◆ Exercise objective ◆
Nothing but the lines from the one containing "using strongly_convex_ineq[OF \<open>R" through the last line of the records below should be written out, each exactly as it stands.

☆ ☆ ☆ ☆ ☆

lemma cube_mean_diff:
  fixes g h :: "real^'d \<Rightarrow> 'a::{banach,second_countable_topology}"
  assumes "set_integrable lebesgue (cube R) g" and "set_integrable lebesgue (cube R) h"
  shows "cube_mean R (\<lambda>x. g x - h x) = cube_mean R g - cube_mean R h"
  using assms by (simp add: cube_mean_def scaleR_diff_right)

lemma cube_mean_norm_diff_triangle:
  fixes g h k :: "real^'d \<Rightarrow> 'a::{banach,second_countable_topology}"
  assumes "set_integrable lebesgue (cube R) g" "set_integrable lebesgue (cube R) h"
    "set_integrable lebesgue (cube R) k" and "R > 0"
  shows "cube_mean R (\<lambda>x. norm (g x - k x))
           \<le> cube_mean R (\<lambda>x. norm (g x - h x)) + cube_mean R (\<lambda>x. norm (h x - k x))"
proof -
  have "set_integrable lebesgue (cube R) (\<lambda>x. norm (p x - q x))"
    if "set_integrable lebesgue (cube R) p" "set_integrable lebesgue (cube R) q"
    for p q :: "real^'d \<Rightarrow> 'a"
    by (intro set_integrable_norm set_integral_diff(1) that)
  note integrable = this[OF assms(1,2)] this[OF assms(2,3)] this[OF assms(1,3)]
  have "(LINT x : cube R | lebesgue. norm (g x - k x))
      \<le> (LINT x : cube R | lebesgue. norm (g x - h x) + norm (h x - k x))"
    by (rule set_integral_mono[OF integrable(3) set_integral_add(1)[OF integrable(1,2)]])
      (rule norm_diff_triangle_le[OF order_refl order_refl])
  then have "(LINT x : cube R | lebesgue. norm (g x - k x))
      \<le> (LINT x : cube R | lebesgue. norm (g x - h x)) + (LINT x : cube R | lebesgue. norm (h x - k x))"
    by (simp add: set_integral_add(2)[OF integrable(1,2)])
  then show ?thesis
    using assms(4) by (simp add: cube_mean_def flip: distrib_left)
qed
(* Let $(X,d)$ be a bounded metric space and $\ell:X\to[0,+\infty)$ a bounded lower semicontinuous function with $\inf_X\ell=0$. For $\lambda\ge0$ let $u_\lambda$ denote the Perron solution of $(\mathcal{G}_\lambda)$. Then: (a) $u_\lambda\to u_0$ uniformly as $\lambda\to0$; (b) if $X$ is compact and $\alpha>0$, then $u_\lambda\to u_\alpha$ uniformly as $\lambda\to\alpha$.
   Context: Global slope: $G[u](x)=\sup_{y\neq x}\frac{(u(x)-u(y))_+}{d(x,y)}$ if $u(x)<+\infty$, $G[u](x)=+\infty$ otherwise. A solution of $(\mathcal{G}_\lambda)$ is a lower semicontinuous $u$ with $\inf_Xu=0$ and $\lambda u+G[u]=\ell$ on $X$; the Perron solution is the solution that is pointwise maximal among all solutions. *)

theory Defs
  imports "HOL-Analysis.Analysis"
begin

definition lsc :: "('a::topological_space \<Rightarrow> real) \<Rightarrow> bool" where
  "lsc f \<longleftrightarrow> (\<forall>x t. t < f x \<longrightarrow> (\<forall>\<^sub>F y in nhds x. t < f y))"

text \<open>Global slope G[u](x) = sup over y \<noteq> x of (u x - u y)_+ / d(x,y), valued in [0,+\<infinity>].
  (Solutions are necessarily finite-valued since \<ell> is finite, so u is real-valued here.)\<close>
definition global_slope :: "('a::metric_space \<Rightarrow> real) \<Rightarrow> 'a \<Rightarrow> ereal" where
  "global_slope u x = (SUP y\<in>{y. y \<noteq> x}. ereal (max (u x - u y) 0 / dist x y))"

definition is_solution :: "real \<Rightarrow> ('a::metric_space \<Rightarrow> real) \<Rightarrow> ('a \<Rightarrow> real) \<Rightarrow> bool" where
  "is_solution lam ell u \<longleftrightarrow> lsc u \<and> (INF x. u x) = 0 \<and> bdd_below (range u) \<and>
     (\<forall>x. ereal (lam * u x) + global_slope u x = ereal (ell x))"

definition is_perron :: "real \<Rightarrow> ('a::metric_space \<Rightarrow> real) \<Rightarrow> ('a \<Rightarrow> real) \<Rightarrow> bool" where
  "is_perron lam ell u \<longleftrightarrow> is_solution lam ell u \<and>
     (\<forall>v. is_solution lam ell v \<longrightarrow> (\<forall>x. v x \<le> u x))"

definition perron :: "real \<Rightarrow> ('a::metric_space \<Rightarrow> real) \<Rightarrow> ('a \<Rightarrow> real)" where
  "perron lam ell = (THE u. is_perron lam ell u)"

end

theory Submission
  imports Defs
begin

text \<open>
  The Perron solution is the supremum of all subsolutions, here described by pointwise
  inequalities. Subsolutions are bounded by diam X times ell and are Lipschitz with constant
  sup ell, and their supremum U is again a subsolution. If the slope of U at some point x were
  strictly below ell x - lambda U x, then by lower semicontinuity of ell the maximum of U and a
  small cone erected above U x would still be a subsolution, contradicting the maximality of U.
  Hence U solves (G_lambda), and since every solution is a subsolution, U is the Perron solution.
  Dividing a lambda-subsolution by 1 + |mu - lambda| diam X gives a mu-subsolution, so the Perron
  solutions are Lipschitz in lambda, uniformly on X.
\<close>

text \<open>The pointwise, division-free form of lambda v + G[v] \<le> ell, together with inf v = 0.\<close>

definition is_subsolution :: "real \<Rightarrow> ('a::metric_space \<Rightarrow> real) \<Rightarrow> ('a \<Rightarrow> real) \<Rightarrow> bool" where
  "is_subsolution lam ell v \<longleftrightarrow>
     (\<forall>x. 0 \<le> v x) \<and> (\<forall>e>0. \<exists>x. v x < e) \<and> (\<forall>x. lam * v x \<le> ell x) \<and>
     (\<forall>x y. v x - v y \<le> (ell x - lam * v x) * dist x y)"

definition perron_sup :: "real \<Rightarrow> ('a::metric_space \<Rightarrow> real) \<Rightarrow> 'a \<Rightarrow> real" where
  "perron_sup lam ell x = (SUP v\<in>{v. is_subsolution lam ell v}. v x)"

lemma is_subsolutionI:
  assumes "\<And>x. 0 \<le> v x" and "\<And>e. 0 < e \<Longrightarrow> \<exists>x. v x < e" and "\<And>x. lam * v x \<le> ell x"
    and "\<And>x y. v x - v y \<le> (ell x - lam * v x) * dist x y"
  shows "is_subsolution lam ell v"
  using assms unfolding is_subsolution_def by blast

lemma
  assumes "is_subsolution lam ell v"
  shows subsolution_nonneg: "0 \<le> v x"
    and subsolution_small: "0 < e \<Longrightarrow> \<exists>x. v x < e"
    and subsolution_below_ell: "lam * v x \<le> ell x"
    and subsolution_slope: "v x - v y \<le> (ell x - lam * v x) * dist x y"
  using assms unfolding is_subsolution_def by blast+

lemma INF_eq_0_iff_small:
  fixes f :: "'a \<Rightarrow> real"
  assumes "\<And>x. 0 \<le> f x"
  shows "(INF x. f x) = 0 \<longleftrightarrow> (\<forall>e>0. \<exists>x. f x < e)"
proof -
  have bdd: "bdd_below (range f)"
    using assms by (intro bdd_belowI[where m = 0]) auto
  have "(INF x. f x) = 0" if small: "\<forall>e>0. \<exists>x. f x < e"
  proof (rule antisym)
    show "0 \<le> (INF x. f x)"
      using assms by (intro cINF_greatest) auto
    show "(INF x. f x) \<le> 0"
    proof (rule ccontr)
      assume "\<not> (INF x. f x) \<le> 0"
      then obtain x where "f x < (INF x. f x)"
        using small by force
      then show False
        using cINF_lower[OF bdd, of x] by simp
    qed
  qed
  then show ?thesis
    using cINF_less_iff[OF _ bdd] by auto
qed

lemma lsc_if_lipschitz_below:
  fixes f :: "'a::metric_space \<Rightarrow> real"
  assumes "\<And>x y. f x - f y \<le> L * dist x y"
  shows "lsc f"
  unfolding lsc_def
proof (intro allI impI)
  fix x t assume t: "t < f x"
  define r where "r = (f x - t) / (\<bar>L\<bar> + 1)"
  have r: "0 < r" "(\<bar>L\<bar> + 1) * r = f x - t"
    using t by (simp_all add: r_def add_pos_nonneg)
  have "t < f y" if "dist y x < r" for y
  proof -
    have "f x - f y \<le> \<bar>L\<bar> * dist y x"
      using assms[of x y] by (smt (verit) dist_commute mult_right_mono zero_le_dist abs_ge_self)
    also have "\<dots> \<le> \<bar>L\<bar> * r"
      using that by (intro mult_left_mono) auto
    finally show ?thesis
      using r by (simp add: algebra_simps)
  qed
  then show "\<forall>\<^sub>F y in nhds x. t < f y"
    unfolding eventually_nhds_metric using r(1) by blast
qed
lemma compact_operator_synthesis:
  "compact_operator l2 l2_norm (L2_on \<mu> E) (L2_norm \<mu>) synthesis"
  unfolding compact_operator_def
proof (intro conjI ballI allI impI)
  fix c assume "c \<in> l2"
  then show "synthesis c \<in> L2_on \<mu> E" by (rule synthesis_L2_on)
next
  fix c d a b assume "c \<in> l2" "d \<in> l2"
  then show "synthesis (\<lambda>k. a * c k + b * d k) = (\<lambda>x. a * synthesis c x + b * synthesis d x)"
    by (rule synthesis_linear)
next
  fix s :: "nat \<Rightarrow> nat \<Rightarrow> real" and C :: real
  assume s: "\<forall>n. s n \<in> l2 \<and> l2_norm (s n) \<le> C"
  have s2: "summable (\<lambda>k. (s n k)\<^sup>2)" for n using s by (simp add: l2_def)
  have "(\<Sum>k. (s n k)\<^sup>2) \<le> C\<^sup>2" for n
    using s by (auto simp: l2_norm_def intro: sqrt_le_D)
  then obtain r d where r: "strict_mono r" and d: "summable (\<lambda>k. (d k)\<^sup>2)"
    and lim: "\<And>k. (\<lambda>n. s (r n) k) \<longlonglongrightarrow> d k"
    and diff2: "\<And>n. summable (\<lambda>k. (s (r n) k - d k)\<^sup>2)"
    and diff_bound: "\<And>n. (\<Sum>k. (s (r n) k - d k)\<^sup>2) \<le> 4 * C\<^sup>2"
    by (rule l2_bounded_seq_coordinatewise_convergent_subseq[of s "C\<^sup>2", OF s2]) (rule that)
  have dl2: "d \<in> l2" using d by (simp add: l2_def)
  have "(\<lambda>x. synthesis (s (r n)) x - synthesis d x) = synthesis (\<lambda>k. s (r n) k - d k)" for n
    using synthesis_linear[of "s (r n)" d 1 "-1"] s dl2 by simp
  moreover have "(\<lambda>n. L2_norm \<mu> (synthesis (\<lambda>k. s (r n) k - d k))) \<longlonglongrightarrow> 0"
    by (rule synthesis_tendsto_zero[OF diff2 diff_bound]) (use lim in \<open>simp add: LIM_zero\<close>)
  ultimately show "\<exists>r h. strict_mono r \<and> h \<in> L2_on \<mu> E \<and>
      (\<lambda>n. L2_norm \<mu> (\<lambda>y. synthesis (s (r n)) y - h y)) \<longlonglongrightarrow> 0"
    using r synthesis_L2_on[OF dl2] by (intro exI[of _ r] exI[of _ "synthesis d"]) simp
qed

end

theorem lemma2p2:
  fixes \<mu> :: "'a measure" and E :: "'a set" and v :: "nat \<Rightarrow> 'a \<Rightarrow> real" and M :: real
  assumes "E \<in> sets \<mu>"
    and "0 < emeasure \<mu> E" and "emeasure \<mu> E < \<infinity>"
    and "\<And>k. v k \<in> L2 \<mu>"
    and "\<And>x. x \<in> E \<Longrightarrow> summable (\<lambda>k. (v k x)\<^sup>2) \<and> (\<Sum>k. (v k x)\<^sup>2) \<le> M\<^sup>2"
  shows "compact_operator (L2_on \<mu> E) (L2_norm \<mu>) l2 l2_norm
           (\<lambda>f. (\<lambda>k. L2_inner \<mu> f (v k))) \<and>
         compact_operator l2 l2_norm (L2_on \<mu> E) (L2_norm \<mu>)
           (\<lambda>c. (\<lambda>x. indicator E x * (\<Sum>k. c k * v k x)))"
proof -
  interpret pointwise_square_summable \<mu> E v "M\<^sup>2"
    using assms(1,3-5) by unfold_locales auto
  show ?thesis
    using compact_operator_analysis compact_operator_synthesis
    by (simp add: analysis_def[abs_def] synthesis_def[abs_def])
qed

end
lemma subdiff_finite: "\<xi> \<in> subdiff R x \<Longrightarrow> R x \<noteq> \<infinity>"
  by (simp add: subdiff_def)

lemma subdiff_ineq:
  assumes "\<xi> \<in> subdiff R x" "R z \<noteq> \<infinity>"
  shows "Rreal x + inner \<xi> (z - x) \<le> Rreal z"
proof -
  have "R x + ereal (inner \<xi> (z - x)) \<le> R z" using assms by (simp add: subdiff_def)
  then show ?thesis using ereal_Rreal[OF subdiff_finite[OF assms(1)]] ereal_Rreal[OF assms(2)] by simp
qed

lemma strongly_convex_ineq:
  assumes a: "R a \<noteq> \<infinity>" and b: "R b \<noteq> \<infinity>" and t: "0 \<le> t" "t \<le> 1"
  shows "R (t *\<^sub>R a + (1 - t) *\<^sub>R b) \<noteq> \<infinity>"
    "Rreal (t *\<^sub>R a + (1 - t) *\<^sub>R b) + \<sigma> * t * (1 - t) * (norm (a - b))\<^sup>2
       \<le> t * Rreal a + (1 - t) * Rreal b"
proof -
  define p where "p = t *\<^sub>R a + (1 - t) *\<^sub>R b"
  have "R p + ereal (\<sigma> * t * (1 - t) * (norm (a - b))\<^sup>2) \<le> ereal t * R a + ereal (1 - t) * R b"
    using strongly_convex a b t unfolding strongly_convex_def p_def by blast
  also have "\<dots> = ereal (t * Rreal a + (1 - t) * Rreal b)"
    by (simp add: ereal_Rreal[OF a] ereal_Rreal[OF b])
  finally have le: "R p + ereal (\<sigma> * t * (1 - t) * (norm (a - b))\<^sup>2) \<le> ereal (t * Rreal a + (1 - t) * Rreal b)" .
  then have "R p \<noteq> \<infinity>" by auto
  then show "R (t *\<^sub>R a + (1 - t) *\<^sub>R b) \<noteq> \<infinity>" by (simp add: p_def)
  have "Rreal p + \<sigma> * t * (1 - t) * (norm (a - b))\<^sup>2 \<le> t * Rreal a + (1 - t) * Rreal b"
    using le by (simp add: ereal_Rreal[OF \<open>R p \<noteq> \<infinity>\<close>])
  then show "Rreal (t *\<^sub>R a + (1 - t) *\<^sub>R b) + \<sigma> * t * (1 - t) * (norm (a - b))\<^sup>2
       \<le> t * Rreal a + (1 - t) * Rreal b" by (simp add: p_def)
qed

lemma subdiff_quadratic_growth:
  assumes \<xi>: "\<xi> \<in> subdiff R x" and "R z \<noteq> \<infinity>"
  shows "Rreal x + inner \<xi> (z - x) + \<sigma> * (norm (z - x))\<^sup>2 \<le> Rreal z"
proof (rule add_le_if_add_shrunk_le)
  fix t :: real assume t: "0 < t" "t \<le> 1"
  define p where "p = t *\<^sub>R z + (1 - t) *\<^sub>R x"
  have "R p \<noteq> \<infinity>"
    and convex: "Rreal p + \<sigma> * t * (1 - t) * (norm (z - x))\<^sup>2 \<le> t * Rreal z + (1 - t) * Rreal x"
    using strongly_convex_ineq[OF \<open>R z \<noteq> \<infinity>\<close> subdiff_finite[OF \<xi>], of t] t by (simp_all add: p_def)
  have "Rreal x + inner \<xi> (p - x) \<le> Rreal p" by (rule subdiff_ineq[OF \<xi> \<open>R p \<noteq> \<infinity>\<close>])
  moreover have "p - x = t *\<^sub>R (z - x)" by (simp add: p_def algebra_simps)
  ultimately have "t * (Rreal x + inner \<xi> (z - x) + (1 - t) * (\<sigma> * (norm (z - x))\<^sup>2)) \<le> t * Rreal z"
    using convex by (simp add: algebra_simps)
  then show "Rreal x + inner \<xi> (z - x) + (1 - t) * (\<sigma> * (norm (z - x))\<^sup>2) \<le> Rreal z"
    using t by simp
qed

☆ ☆ ☆ ☆ ☆

◆ Written solution ◆
    using strongly_convex_ineq[OF \<open>R z \<noteq> \<infinity>\<close> subdiff_finite[OF \<xi>], of t] t by (simp_all add: p_def)
  have "Rreal x + inner \<xi> (p - x) \<le> Rreal p" by (rule subdiff_ineq[OF \<xi> \<open>R p \<noteq> \<infinity>\<close>])
  moreover have "p - x = t *\<^sub>R (z - x)" by (simp add: p_def algebra_simps)
  ultimately have "t * (Rreal x + inner \<xi> (z - x) + (1 - t) * (\<sigma> * (norm (z - x))\<^sup>2)) \<le> t * Rreal z"
    using convex by (simp add: algebra_simps)
  then show "Rreal x + inner \<xi> (z - x) + (1 - t) * (\<sigma> * (norm (z - x))\<^sup>2) \<le> Rreal z"
    using t by simp
qed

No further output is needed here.